The two Koreas remain technically at war under a truce that ended their 1950-53 conflict with no regular channel for contacts between their people.
There have been 19 family reunions since the first one in 1985 and South Korea wants to make them regular events, citing the humanitarian urgency for separated family members now growing old.
The last reunions took place in February, just north of the two Koreas' militarised border.
A North Korean delegation attending the closing ceremony of the Asian Games in the South Korean city of Incheon held talks with South Korean officials on Saturday and they agreed to resume talks on improving ties that have been stalled since February.
South Korean President Park Geun-hye has been pushing for a resumption of high-level dialogue to ease tension, and the North agreed that senior officials would meet some time in late October or early November.

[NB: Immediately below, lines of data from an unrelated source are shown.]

definition sub_coherence :: "nat \<Rightarrow> nat \<Rightarrow> nat \<Rightarrow> (nat \<Rightarrow> nat \<Rightarrow> complex) \<Rightarrow> real" where
  "sub_coherence L M d D = Max (insert 0
     {cmod (\<Sum>i<L. cnj (D i (l * d + a)) * D i (l * d + b)) | l a b. l < M \<and> a < d \<and> b < d \<and> b \<noteq> a})"

definition rho_c :: "nat \<Rightarrow> nat \<Rightarrow> nat \<Rightarrow> (nat \<Rightarrow> nat \<Rightarrow> complex) \<Rightarrow> real" where
  "rho_c p q d A = Max (insert 0 {(\<Sum>l<p. spec_norm d d (subblock d A l r)) | r. r < q})"

definition block_sparse :: "nat \<Rightarrow> nat \<Rightarrow> nat \<Rightarrow> (nat \<Rightarrow> complex) \<Rightarrow> bool" where
  "block_sparse M d s g \<longleftrightarrow> card {l. l < M \<and> (\<exists>t<d. g (l * d + t) \<noteq> 0)} \<le> s"

definition sel_blocks :: "nat \<Rightarrow> (nat \<Rightarrow> nat \<Rightarrow> complex) \<Rightarrow> nat list \<Rightarrow> (nat \<Rightarrow> nat \<Rightarrow> complex)" where
  "sel_blocks d D ls = (\<lambda>i j. D i ((ls ! (j div d)) * d + j mod d))"

end

theory Submission
  imports Defs "Jordan_Normal_Form.Determinant"
begin

text \<open>Let \<open>G = D\<^sub>0\<^sup>H D\<^sub>0\<close> and \<open>E = G - I\<close>. The columns have unit norm, so each diagonal
block of \<open>E\<close> has zero diagonal and off-diagonal entries of modulus at most \<open>\<nu>\<close>; by the Schur test
its spectral norm is at most \<open>(d - 1) \<nu>\<close>. Off-diagonal blocks of \<open>E\<close> have spectral norm at most
\<open>d \<mu>\<^sub>B\<close>, so every block column of \<open>E\<close> has block-norm sum at most
\<open>e = (d - 1) \<nu> + (k - 1) d \<mu>\<^sub>B\<close>, and the hypothesis is exactly \<open>k d \<mu>\<^sub>B + e < 1\<close>.
Writing \<open>G Z = B\<close> as \<open>Z = B - E Z\<close> bounds every block column sum \<open>S\<close> of \<open>Z\<close> by
\<open>S \<le> S\<^sub>B + e S\<close>. For \<open>B = 0\<close> this makes \<open>G\<close> invertible;
then \<open>Z = pinv D\<^sub>0 D\<^sub>1 = G\<^sup>-\<^sup>1 D\<^sub>0\<^sup>H D\<^sub>1\<close> and \<open>S\<^sub>B \<le> k d \<mu>\<^sub>B\<close> give
\<open>S \<le> k d \<mu>\<^sub>B / (1 - e) < 1\<close>.\<close>

subsection \<open>Vector norms and spectral norms\<close>

lemma vnorm_eq_L2_set: "vnorm n x = L2_set (\<lambda>i. cmod (x i)) {..<n}"
  by (simp add: vnorm_def L2_set_def)

lemma vnorm_nonneg: "0 \<le> vnorm n x"
  by (simp add: vnorm_eq_L2_set)

lemma vnorm_cong: "(\<And>i. i < n \<Longrightarrow> x i = y i) \<Longrightarrow> vnorm n x = vnorm n y"
  unfolding vnorm_def by (intro arg_cong[where f=sqrt] sum.cong) auto

lemma vnorm_zero: "vnorm n (\<lambda>i. 0) = 0"
  by (simp add: vnorm_def)
(* Let $n\ge4$ and let $\lambda=(a_1,\dots,a_n)$ (usual coordinates) be a dominant weight of $SL(n)$ such that all $a_i\notin\mathbb Z$ and $|a_i|>1$ for some $i$. If $M(\lambda)$ contains no point three of whose coordinates equal $\alpha+1,\alpha,\alpha-1$ for some $\alpha\in\mathbb R$, then $$\lambda=\Big(\tfrac{2n-2}{n},-\tfrac2n,\dots,-\tfrac2n\Big)\quad\text{or}\quad \lambda=\Big(\tfrac2n,\dots,\tfrac2n,-\tfrac{2n-2}{n}\Big).$$
   Context: Setup for $SL(n)$: $\varepsilon_1,\dots,\varepsilon_n$ is the standard basis of $\mathbb Q^n$, $e_i=\varepsilon_i-\frac1n(1,\dots,1)$; the character lattice $\mathfrak X(T)$ of the diagonal torus is identified with the $\mathbb Z$-span of $e_1,\dots,e_n$ inside $\{y\in\mathbb Q^n:\sum y_i=0\}$ (the $y_i$ are the "usual coordinates"). $W=S_n$ acts by permuting coordinates. A weight is dominant if $y_1\ge y_2\ge\dots\ge y_n$. The root lattice is $\Phi=\{\sum a_ie_i\mid a_i\in\mathbb Z,\ \sum a_i\equiv0\pmod n\}$. For a dominant weight $\lambda$, $M(\lambda)=\mathrm{conv}\{w\lambda\mid w\in W\}\cap(\lambda+\Phi)$. *)

theory Defs
  imports "HOL-Analysis.Analysis"
begin

(* Vectors in Q^n (here R^n) are modelled as functions nat => real, coordinates
   0..n-1 (the paper's 1..n), and value 0 outside {..<n}. *)

definition e_vec :: "nat \<Rightarrow> nat \<Rightarrow> nat \<Rightarrow> real" where
  "e_vec n j = (\<lambda>i. if i < n then (if i = j then 1 else 0) - 1 / real n else 0)"

definition lin_comb :: "nat \<Rightarrow> (nat \<Rightarrow> int) \<Rightarrow> nat \<Rightarrow> real" where
  "lin_comb n a = (\<lambda>i. \<Sum>j<n. real_of_int (a j) * e_vec n j i)"

definition weight_lattice :: "nat \<Rightarrow> (nat \<Rightarrow> real) set" where
  "weight_lattice n = {y. \<exists>a. y = lin_comb n a}"

definition root_lattice :: "nat \<Rightarrow> (nat \<Rightarrow> real) set" where
  "root_lattice n = {y. \<exists>a. (\<Sum>j<n. a j) mod int n = 0 \<and> y = lin_comb n a}"

definition dominant :: "nat \<Rightarrow> (nat \<Rightarrow> real) \<Rightarrow> bool" where
  "dominant n y \<longleftrightarrow> (\<forall>i j. i \<le> j \<longrightarrow> j < n \<longrightarrow> y j \<le> y i)"

definition weyl_orbit :: "nat \<Rightarrow> (nat \<Rightarrow> real) \<Rightarrow> (nat \<Rightarrow> real) set" where
  "weyl_orbit n y = {y \<circ> \<sigma> | \<sigma>. \<sigma> permutes {..<n}}"

definition conv_fin :: "(nat \<Rightarrow> real) set \<Rightarrow> (nat \<Rightarrow> real) set" where
  "conv_fin S = {x. \<exists>u. (\<forall>s\<in>S. 0 \<le> u s) \<and> (\<Sum>s\<in>S. u s) = 1 \<and>
                        x = (\<lambda>i. \<Sum>s\<in>S. u s * s i)}"

definition M_set :: "nat \<Rightarrow> (nat \<Rightarrow> real) \<Rightarrow> (nat \<Rightarrow> real) set" where
  "M_set n y = conv_fin (weyl_orbit n y) \<inter> {x. \<exists>r\<in>root_lattice n. x = (\<lambda>i. y i + r i)}"

end

theory Submission imports Defs begin

(* The proof has three parts.
   1. M(lam) is closed under unit transfers x -> x - e_i + e_j whenever x i - x j >= 1: the
      new point is a convex combination of x and x o (i j), both in the convex hull of the
      Weyl orbit, and the shift e_j - e_i is a root.  Coordinate differences in M(lam) are
      integral.
   2. In any set with these two properties and without such triangles (locale
      unit_transfer_set, n >= 4) every vector has range at most 2, and two coordinates at
      distance 2 admit no coordinate strictly between them, and their two values cannot
      both be attained twice.
   3. Applied to lam: its range lies in (1, 2] and is integral, so it equals 2; lam takes
      only two values, one of them exactly once, and the coordinate sum zero gives the two
      listed weights. *)

lemma lin_comb_eval:
  "lin_comb n a m = (if m < n then real_of_int (a m) - real_of_int (\<Sum>j<n. a j) / real n else 0)"
proof (cases "m < n")
  case True
  have "lin_comb n a m = (\<Sum>j<n. real_of_int (a j) * (if m = j then 1 else 0)) - (\<Sum>j<n. real_of_int (a j)) / real n"
    unfolding lin_comb_def e_vec_def using True
    by (simp add: right_diff_distrib sum_subtractf sum_divide_distrib mult_ac)
  also have "(\<Sum>j<n. real_of_int (a j) * (if m = j then 1 else 0)) = real_of_int (a m)"
    using True by (simp add: if_distrib sum.delta cong: if_cong)
  finally show ?thesis using True by simp
qed (simp add: lin_comb_def e_vec_def)

(* Moving one unit from coordinate i to coordinate j, i.e. adding the root e_j - e_i. *)
definition transfer :: "(nat \<Rightarrow> real) \<Rightarrow> nat \<Rightarrow> nat \<Rightarrow> nat \<Rightarrow> real" where
  "transfer x i j = (\<lambda>k. x k - (if k = i then 1 else 0) + (if k = j then 1 else 0))"

lemma weight_lattice_coords:
  assumes "lam \<in> weight_lattice n"
  shows "\<And>k. n \<le> k \<Longrightarrow> lam k = 0"
    and "\<And>k l. k < n \<Longrightarrow> l < n \<Longrightarrow> lam k - lam l \<in> \<int>"
    and "0 < n \<Longrightarrow> (\<Sum>k<n. lam k) = 0"
proof -
  obtain a where a: "lam = lin_comb n a" using assms unfolding weight_lattice_def by auto
  show "\<And>k. n \<le> k \<Longrightarrow> lam k = 0" using a by (simp add: lin_comb_eval)
  show "\<And>k l. k < n \<Longrightarrow> l < n \<Longrightarrow> lam k - lam l \<in> \<int>" using a by (simp add: lin_comb_eval)
  show "0 < n \<Longrightarrow> (\<Sum>k<n. lam k) = 0" using a by (simp add: lin_comb_eval sum_subtractf)
qed

lemma root_lattice_transfer:
  assumes "r \<in> root_lattice n" "i < n" "j < n"
  shows "transfer r i j \<in> root_lattice n"
proof -
  obtain a where a: "int n dvd (\<Sum>k<n. a k)" "r = lin_comb n a"
    using assms(1) unfolding root_lattice_def by auto
  define a' where "a' k = a k - (if k = i then 1 else 0) + (if k = j then 1 else 0)" for k
  have sum_eq: "(\<Sum>k<n. a' k) = (\<Sum>k<n. a k)"
    unfolding a'_def using assms(2,3) by (simp add: sum.distrib sum_subtractf)
  have "transfer r i j = lin_comb n a'"
    using assms(2,3) unfolding a(2) transfer_def by (auto simp: fun_eq_iff lin_comb_eval sum_eq; simp add: a'_def)
  thus ?thesis using a(1) sum_eq unfolding root_lattice_def by (auto intro!: exI[of _ a'])
qed

lemma conv_fin_convex:
  assumes "x \<in> conv_fin S" "y \<in> conv_fin S" "0 \<le> t" "t \<le> 1"
  shows "(\<lambda>k. (1 - t) * x k + t * y k) \<in> conv_fin S"
proof -
  obtain u where u: "\<forall>s\<in>S. 0 \<le> u s" "(\<Sum>s\<in>S. u s) = 1" "x = (\<lambda>k. \<Sum>s\<in>S. u s * s k)"
    using assms(1) unfolding conv_fin_def by auto
  obtain v where v: "\<forall>s\<in>S. 0 \<le> v s" "(\<Sum>s\<in>S. v s) = 1" "y = (\<lambda>k. \<Sum>s\<in>S. v s * s k)"
    using assms(2) unfolding conv_fin_def by auto
  define w where "w s = (1 - t) * u s + t * v s" for s
  have "\<forall>s\<in>S. 0 \<le> w s" using u(1) v(1) assms(3,4) unfolding w_def by simp
  moreover have "(\<Sum>s\<in>S. w s) = 1"
    using u(2) v(2) unfolding w_def by (simp add: sum.distrib flip: sum_distrib_left)
  moreover have "(\<lambda>k. (1 - t) * x k + t * y k) = (\<lambda>k. \<Sum>s\<in>S. w s * s k)"
    unfolding u(3) v(3) w_def by (simp add: fun_eq_iff distrib_right sum.distrib sum_distrib_left mult.assoc)
  ultimately show ?thesis unfolding conv_fin_def by blast
qed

Park on Monday said the visit by the North Korean delegation, organised with just 24 hours notice, should be an opportunity to open a regular channel of inter-Korean dialogue, adding the resumption of talks was a meaningful step in improving ties.
U.S. officials visiting Seoul welcomed the resumption of dialogue between the Koreas after meetings with South Korean officials on Monday.
"I made clear that as is a consistent element of U.S. policy the United States supports the efforts on the part of (South Korea) to promote and enhance inter-Korean relations," Assistant U.S. Secretary of State Daniel Russel told reporters.
Hopes for an improvement in relations have in the past been repeatedly dashed, with the North reneging on deals, walking out of talks and even threatening to attack its neighbour, turning it into a "sea of fire".